_Source records:_
text \<open>An operator C(K) -> C(X) is modelled as a map on functions; all conditions are
  imposed only for inputs in C(K) and evaluated only on points of K resp. of the
  space X (given as an abstract topology).\<close>

definition CK :: "(real^'n) set \<Rightarrow> ((real^'n) \<Rightarrow> real) set" where
  "CK K = {f. continuous_on K f}"

definition maps_CK_CX :: "(real^'n) set \<Rightarrow> 'x topology \<Rightarrow> (((real^'n) \<Rightarrow> real) \<Rightarrow> 'x \<Rightarrow> real) \<Rightarrow> bool" where
  "maps_CK_CX K Xt T \<longleftrightarrow> (\<forall>f\<in>CK K. continuous_map Xt euclideanreal (T f))"

definition weakly_nonlinear :: "(real^'n) set \<Rightarrow> 'x topology \<Rightarrow> (((real^'n) \<Rightarrow> real) \<Rightarrow> 'x \<Rightarrow> real) \<Rightarrow> bool" where
  "weakly_nonlinear K Xt T \<longleftrightarrow>
     (\<forall>f\<in>CK K. \<forall>g\<in>CK K. \<forall>x\<in>topspace Xt. T (\<lambda>y. f y + g y) x \<le> T f x + T g x) \<and>
     (\<forall>f\<in>CK K. \<forall>a::real. a \<ge> 0 \<longrightarrow> (\<forall>x\<in>topspace Xt. T (\<lambda>y. a * f y) x = a * T f x)) \<and>
     (\<forall>f\<in>CK K. \<forall>a::real. a \<ge> 0 \<longrightarrow> (\<forall>x\<in>topspace Xt. T (\<lambda>y. f y + a) x = T f x + a * T (\<lambda>y. 1) x))"
lemma sing_midpoint_values_independent:
  assumes "quadratic_vf v" "sing v = {p1, p2, p3, p4}" "distinct [p1, p2, p3, p4]"
    and "det_D v p1 \<noteq> 0"
  shows "cross (v (midpoint p1 p2)) (v (midpoint p1 p3)) \<noteq> 0"
proof
  assume "cross (v (midpoint p1 p2)) (v (midpoint p1 p3)) = 0"
  then obtain \<alpha> \<beta> where "(\<alpha>, \<beta>) \<noteq> (0, 0)"
    and mid: "\<alpha> * fst (v (midpoint p1 p2)) + \<beta> * snd (v (midpoint p1 p2)) = 0"
      "\<alpha> * fst (v (midpoint p1 p3)) + \<beta> * snd (v (midpoint p1 p3)) = 0"
    by (rule cross_eq_0_imp_annihilator)
  define F where "F = (\<lambda>z. \<alpha> * vP v z + \<beta> * vQ v z)"
  have quad: "quad_poly (vP v)" "quad_poly (vQ v)"
    using assms(1) quadratic_vf_iff by auto
  have F_sing: "F p = 0" if "p \<in> sing v" for p
    using that by (simp add: F_def sing_iff)
  have "F z = 0" for z
  proof (rule quad_poly_vanishing_at_six_points)
    show "quad_poly F"
      unfolding F_def by (rule quad_poly_lincomb[OF quad])
    show "F p1 = 0" "F p2 = 0" "F p3 = 0" "F p4 = 0"
      using F_sing assms(2) by simp_all
    show "F (midpoint p1 p2) = 0" "F (midpoint p1 p3) = 0"
      using mid by (simp_all add: F_def vP_def vQ_def)
  qed (fact four_sing_in_general_position[OF assms(1-3)])+
  then have "F = (\<lambda>_. 0)"
    by blast
  then have "d_x F p1 = 0" "d_y F p1 = 0"
    by (simp_all add: d_x_def d_y_def)
  then have "d_x (vP v) p1 * \<alpha> + d_x (vQ v) p1 * \<beta> = 0" "d_y (vP v) p1 * \<alpha> + d_y (vQ v) p1 * \<beta> = 0"
    unfolding F_def d_x_lincomb[OF quad] d_y_lincomb[OF quad] by (simp_all add: mult.commute)
  then have "d_x (vP v) p1 * d_y (vQ v) p1 - d_x (vQ v) p1 * d_y (vP v) p1 = 0"
    using \<open>(\<alpha>, \<beta>) \<noteq> (0, 0)\<close> by (rule singular_if_nonzero_kernel)
  with assms(4) show False
    by (simp add: det_D_def mult.commute)
qed
primrec free_walk :: "int \<Rightarrow> bool stream \<Rightarrow> nat \<Rightarrow> int" where
  "free_walk x \<omega> 0 = x"
| "free_walk x \<omega> (Suc k) = free_walk x \<omega> k + step_value (\<omega> !! k)"

lemma free_walk_shift: "free_walk (x + d) \<omega> k = free_walk x \<omega> k + d"
  by (induction k) auto

lemma free_walk_Stream: "free_walk x (t ## \<omega>) (Suc k) = free_walk (x + step_value t) \<omega> k"
  by (induction k) auto

lemma free_walk_unit_step: "\<bar>free_walk x \<omega> (Suc k) - free_walk x \<omega> k\<bar> \<le> 1"
  by (simp add: step_value_def)

section \<open>Paths with steps of size at most one\<close>

lemma unit_steps_ivt_up:
  fixes f :: "nat \<Rightarrow> int"
  assumes step: "\<And>k. \<bar>f (Suc k) - f k\<bar> \<le> 1" and "i \<le> j" "f i \<le> c" "c \<le> f j"
  shows "\<exists>k. i \<le> k \<and> k \<le> j \<and> f k = c"
  using assms(2-)
proof (induction j)
  case (Suc j)
  show ?case
  proof (cases "i \<le> j \<and> c \<le> f j")
    case True
    then show ?thesis using Suc by fastforce
  next
    case False
    then have "i = Suc j \<or> f j < c" using Suc.prems by auto
    then show ?thesis
    proof
      assume "f j < c"
      then have "f (Suc j) = c" using Suc.prems step[of j] by auto
      then show ?thesis using Suc.prems by auto
    qed (use Suc.prems in auto)
  qed
qed auto

lemma unit_steps_ivt_down:
  fixes f :: "nat \<Rightarrow> int"
  assumes step: "\<And>k. \<bar>f (Suc k) - f k\<bar> \<le> 1" and "i \<le> j" "c \<le> f i" "f j \<le> c"
  shows "\<exists>k. i \<le> k \<and> k \<le> j \<and> f k = c"
proof -
  have "\<exists>k. i \<le> k \<and> k \<le> j \<and> - f k = - c"
    by (rule unit_steps_ivt_up) (use assms in \<open>auto simp: abs_minus_commute\<close>)
  then show ?thesis by auto
qed
(* Let $(M,g)$ be a Riemannian manifold of dimension $n\ge 3$ with constant scalar curvature, and let $\xi$ be a vector field of constant length such that its dual $1$-form $\xi^\flat$ is a solution of the Schrödinger–Ricci equation $(\Delta+\mathrm{Ric}_\sharp)(\xi^\flat)+d(\mathrm{div}\,\xi)=0$. If $(g,\xi,\gamma,\delta)$ defines a $\xi^\flat$-Ricci soliton on $M$, i.e. $\gamma,\delta$ are real constants with $\frac12\mathcal{L}_\xi g+\mathrm{Ric}=\gamma g+\delta\,\xi^\flat\otimes\xi^\flat$, then either $\delta=0$ (the soliton is a Ricci soliton) or $\mathrm{div}\,\xi=0$.
   Context: $\xi^\flat=g(\xi,\cdot)$, $\mathrm{Ric}_\sharp(\theta)(X)=\mathrm{Ric}(\theta^\sharp,X)$. $\Delta$ is the operator on $1$-forms which the paper calls the Laplace–Hodge operator, with convention fixed by the identity $\mathrm{div}(\mathcal{L}_Xg)=(\Delta+\mathrm{Ric}_\sharp)(X^\flat)+d(\mathrm{div}X)$ for every vector field $X$ (with $(\mathrm{div}T)(X)=\sum_i(\nabla_{E_i}T)(E_i,X)$ for a symmetric $(0,2)$-tensor $T$). *)

theory Defs
  imports "HOL-Analysis.Analysis"
begin

text \<open>Local coordinate rendering of Riemannian geometry on an open set U of R^n
  (index type 'n, n = CARD('n)).\<close>

type_synonym 'n field = "real^'n \<Rightarrow> real"

definition pd :: "'n::finite \<Rightarrow> (real^'n \<Rightarrow> real) \<Rightarrow> real^'n \<Rightarrow> real" where
  "pd i f x = frechet_derivative f (at x) (axis i 1)"
(* Let $k\ge 2$ be an integer and $n\in\mathbb{Z}$. Then $L_k^{(n)}=Q_k^{n}L_k^{(0)}=L_k^{(0)}Q_k^{n}$.
   Context: Fix an integer $k\ge2$. The generalized Fibonacci sequence of order $k$, $(f_{k,n})_{n\in\mathbb Z}$, is the two-sided integer sequence with $f_{k,0}=f_{k,1}=\dots=f_{k,k-2}=0$, $f_{k,k-1}=1$, and $f_{k,n+k}=f_{k,n+k-1}+f_{k,n+k-2}+\dots+f_{k,n}$ for all $n\in\mathbb Z$. For $n\in\mathbb Z$, the generalized Fibonacci matrix $Q_k^n$ is the $k\times k$ matrix with entries $(Q_k^n)_{i,1}=f_{k,k+n-i}$ and $(Q_k^n)_{i,j}=\sum_{m=n-i+j-1}^{k+n-i-1} f_{k,m}$ for $2\le j\le k$, $1\le i\le k$. In particular $Q_k=Q_k^1$ is the matrix whose first row is all ones, with $(Q_k)_{i+1,i}=1$ for $1\le i\le k-1$ and all other entries $0$; it is known that $Q_k^n$ equals the $n$-th power of $Q_k$ for every $n\in\mathbb Z$ (with $Q_k^0=I_k$), and $\det Q_k^n=(-1)^{(k-1)n}$. The generalized Lucas sequence of order $k$, $(l_{k,n})_{n\in\mathbb Z}$, is the two-sided sequence satisfying $l_{k,n+k}=l_{k,n+k-1}+\dots+l_{k,n}$ for all $n\in\mathbb Z$ with initial values $l_{k,r}=\operatorname{trace}(Q_k^r)$ for $0\le r\le k-1$ (so $l_{k,0}=k$ and $l_{k,r}=2^r-1$ for $1\le r\le k-1$). For $n\in\mathbb Z$ the generalized Lucas matrix $L_k^{(n)}$ is the $k\times k$ matrix with entries $(L_k^{(n)})_{i,1}=l_{k,k+n-i}$ and $(L_k^{(n)})_{i,j}=\sum_{m=n-i+j-1}^{k+n-i-1} l_{k,m}$ for $2\le j\le k$, $1\le i\le k$. *)

theory Defs
  imports "Jordan_Normal_Form.Matrix"
begin

definition lin_rec_seq :: "nat \<Rightarrow> (int \<Rightarrow> int) \<Rightarrow> int \<Rightarrow> int" where
  "lin_rec_seq k a = (THE g. (\<forall>n. g (n + int k) = (\<Sum>j<k. g (n + int j))) \<and>
                            (\<forall>r. 0 \<le> r \<and> r < int k \<longrightarrow> g r = a r))"

definition gfib :: "nat \<Rightarrow> int \<Rightarrow> int" where
  "gfib k = lin_rec_seq k (\<lambda>r. if r = int k - 1 then 1 else 0)"

text \<open>The k x k matrix built from a sequence s as in the paper (1-based indices i,j
  of the paper correspond to 0-based indices i+1, j+1 here):
  entry (i,1) = s(k+n-i), entry (i,j) = sum_{m=n-i+j-1}^{k+n-i-1} s(m) for j >= 2.\<close>
definition seq_matrix :: "nat \<Rightarrow> (int \<Rightarrow> int) \<Rightarrow> int \<Rightarrow> int mat" where
  "seq_matrix k s n = mat k k (\<lambda>(i, j).
     (let i' = int i + 1; j' = int j + 1 in
      if j = 0 then s (int k + n - i')
      else (\<Sum>m\<in>{n - i' + j' - 1 .. int k + n - i' - 1}. s m)))"

definition Qmat :: "nat \<Rightarrow> int \<Rightarrow> int mat" where
  "Qmat k n = seq_matrix k (gfib k) n"

definition mtrace :: "int mat \<Rightarrow> int" where
  "mtrace A = (\<Sum>i<dim_row A. A $$ (i, i))"

definition glucas :: "nat \<Rightarrow> int \<Rightarrow> int" where
  "glucas k = lin_rec_seq k (\<lambda>r. mtrace (Qmat k r))"

definition Lmat :: "nat \<Rightarrow> int \<Rightarrow> int mat" where
  "Lmat k n = seq_matrix k (glucas k) n"

end

(* The sequences f_k and l_k are given by a definite description; a two-sided solution of the
   order-k recurrence exists (run the recurrence forwards and, solved for its first term,
   backwards) and is unique, so both are genuine solutions.

   Q_k^n and L_k^(n) are both M(s, n) for the same matrix construction M applied to a solution
   s of the recurrence, and for every such s multiplying M(s, n) by the companion matrix Q_k on
   either side gives M(s, n + 1). So n |-> L_k^(n) and n |-> Q_k^n L_k^(0) obey the same recursion
   X(n + 1) = Q_k X(n), and agree at n = 0 because Q_k^0 = I; as multiplication by Q_k is
   injective, they agree on all of Z. The same argument with right multiplication gives
   L_k^(n) = L_k^(0) Q_k^n. *)

theory Submission
  imports Defs
begin
(* Let $q$ be an odd prime power, $m=2t$, and $n=\frac{q^m+1}{2}$. (1) If $m\ge4$, then every integer $i$ with $\frac{q^t+1}{2}\le i\le q^t+1$, $i\not\equiv0\pmod q$ and $i\notin\{\frac{q^t+1}{2},q^t+1\}$ is a coset leader modulo $n$ with $|C_i|=2m$, while $\frac{q^t+1}{2}$ and $q^t+1$ are not coset leaders modulo $n$. (2) If $m\ge8$, then every integer $i$ with $\frac{q^t+1}{2}\le i\le\frac{q^{t+1}-1}{2}$, $i\not\equiv0\pmod q$ and $i\notin X_1\cup X_2\cup X_3\cup X_4\cup X_5$ is a coset leader modulo $n$ with $|C_i|=2m$, while no element of $X_1\cup\dots\cup X_5$ in this range with $i\not\equiv 0\pmod q$ is a coset leader, where (all parameters integers) $X_1=\{aq^t+b:1\le b\le a\le\frac{q-1}{2}\}$, $X_2=\{aq^t-b:1\le b<a\le\frac{q-1}{2}\}$, $X_3=\{aq^t+\frac{q^t-1}{2}+b,\ aq^t+\frac{q^t+1}{2}-b:1\le b\le a<\frac{q-1}{2}\}$, $X_4=\{a(q^t+1)+\frac{q^t+1}{2}:0\le a<\frac{q-1}{2}\}$, $X_5=\{i:\frac{q^{t+1}-q^2}{2}+1\le i\le\frac{q^{t+1}-1}{2},\ q\nmid i\}$.
   Context: For $0\le s\le n-1$, $C_s=\{sq^i\bmod n:i\ge0\}$ is the $q$-cyclotomic coset of $s$ modulo $n$; its least element is its coset leader. *)

theory Defs
  imports "HOL-Computational_Algebra.Primes"
begin

definition cyc_coset :: "nat \<Rightarrow> nat \<Rightarrow> nat \<Rightarrow> nat set" where
  "cyc_coset q n s = {s * q ^ i mod n | i. True}"

definition coset_leader :: "nat \<Rightarrow> nat \<Rightarrow> nat \<Rightarrow> bool" where
  "coset_leader q n s \<longleftrightarrow> s < n \<and> s = Min (cyc_coset q n s)"

definition X1 :: "nat \<Rightarrow> nat \<Rightarrow> nat set" where
  "X1 q t = {a * q ^ t + b | a b. 1 \<le> b \<and> b \<le> a \<and> a \<le> (q - 1) div 2}"

definition X2 :: "nat \<Rightarrow> nat \<Rightarrow> nat set" where
  "X2 q t = {a * q ^ t - b | a b. 1 \<le> b \<and> b < a \<and> a \<le> (q - 1) div 2}"

definition X3 :: "nat \<Rightarrow> nat \<Rightarrow> nat set" where
  "X3 q t = {a * q ^ t + (q ^ t - 1) div 2 + b | a b. 1 \<le> b \<and> b \<le> a \<and> a < (q - 1) div 2}
          \<union> {a * q ^ t + (q ^ t + 1) div 2 - b | a b. 1 \<le> b \<and> b \<le> a \<and> a < (q - 1) div 2}"

definition X4 :: "nat \<Rightarrow> nat \<Rightarrow> nat set" where
  "X4 q t = {a * (q ^ t + 1) + (q ^ t + 1) div 2 | a. a < (q - 1) div 2}"

definition X5 :: "nat \<Rightarrow> nat \<Rightarrow> nat set" where
  "X5 q t = {i. (q ^ (t + 1) - q ^ 2) div 2 + 1 \<le> i \<and> i \<le> (q ^ (t + 1) - 1) div 2 \<and> \<not> q dvd i}"

end

(*
  Write Q = q^t and N = Q^2 + 1 = 2n. Doubling identifies the cosets modulo n with the cosets of
  even residues modulo N, so we study x = 2i modulo N. Since q^(2t) = Q^2 is -1 modulo N, the coset
  of x consists of the residues r_j = x q^j mod N, j < 2t, and their negatives N - r_j: x is a
  leader with a coset of size 4t when every r_j with 0 < j < 2t lies strictly between x and N - x,
  and x is no leader when some r_j lies outside [x, N - x]. Multiplication by Q acts on base-Q
  digits by (u Q + v) Q = v Q - u (mod N). For x < q Q this leaves r_(t-1), r_t and r_(t+1) to be
  checked: r_t drops below x when v <= u (X1, X3, X4) and exceeds N - x when u + v > Q (X2, X3),
  r_(t-1) exceeds N - x on X5, and r_(t+1) is always inside.
*)
theory Submission
  imports Defs "HOL-Number_Theory.Cong"
begin

section \<open>Cyclotomic cosets\<close>

lemma cyc_coset_eq_range: "cyc_coset q n s = range (\<lambda>k. s * q ^ k mod n)"
  unfolding cyc_coset_def by auto

lemma finite_cyc_coset: "0 < n \<Longrightarrow> finite (cyc_coset q n s)"
  unfolding cyc_coset_eq_range by (rule finite_subset[of _ "{..<n}"]) auto

lemma not_coset_leader_if_less:
  assumes "0 < n" "s * q ^ k mod n < s"
  shows "\<not> coset_leader q n s"
proof
  assume "coset_leader q n s"
  moreover have "Min (cyc_coset q n s) \<le> s * q ^ k mod n"
    using finite_cyc_coset[OF assms(1)] by (rule Min_le) (auto simp: cyc_coset_def)
  ultimately show False
    using assms(2) unfolding coset_leader_def by linarith
qed

lemma mult_power_mod_antipode:
  fixes n q s k m :: nat
  assumes "n dvd q ^ m + 1"
  shows "s * q ^ (k + m) mod n = (n - s * q ^ k mod n) mod n"
proof -
  define r where "r = s * q ^ k mod n"
  have "0 < n"
    using assms by (cases n) auto
  then have "r \<le> n"
    unfolding r_def by simp
  have "s * q ^ (k + m) + s * q ^ k = s * q ^ k * (q ^ m + 1)"
    by (simp add: power_add algebra_simps)
  also have "n dvd \<dots>"
    using assms by (rule dvd_mult)
  finally have "[s * q ^ (k + m) + s * q ^ k = 0] (mod n)"
    by (simp add: cong_0_iff)
  then have "[s * q ^ (k + m) + r = (n - r) + r] (mod n)"
    using \<open>r \<le> n\<close> unfolding r_def by (simp add: cong_def mod_add_right_eq)
  then have "[s * q ^ (k + m) = n - r] (mod n)"
    by (simp add: cong_add_rcancel_nat)
  then show ?thesis unfolding r_def cong_def .
qed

_Work task:_ Copy whichever lines of the records above contain the word "else".

_Task solution:_
  "gfib k = lin_rec_seq k (\<lambda>r. if r = int k - 1 then 1 else 0)"
      else (\<Sum>m\<in>{n - i' + j' - 1 .. int k + n - i' - 1}. s m)))"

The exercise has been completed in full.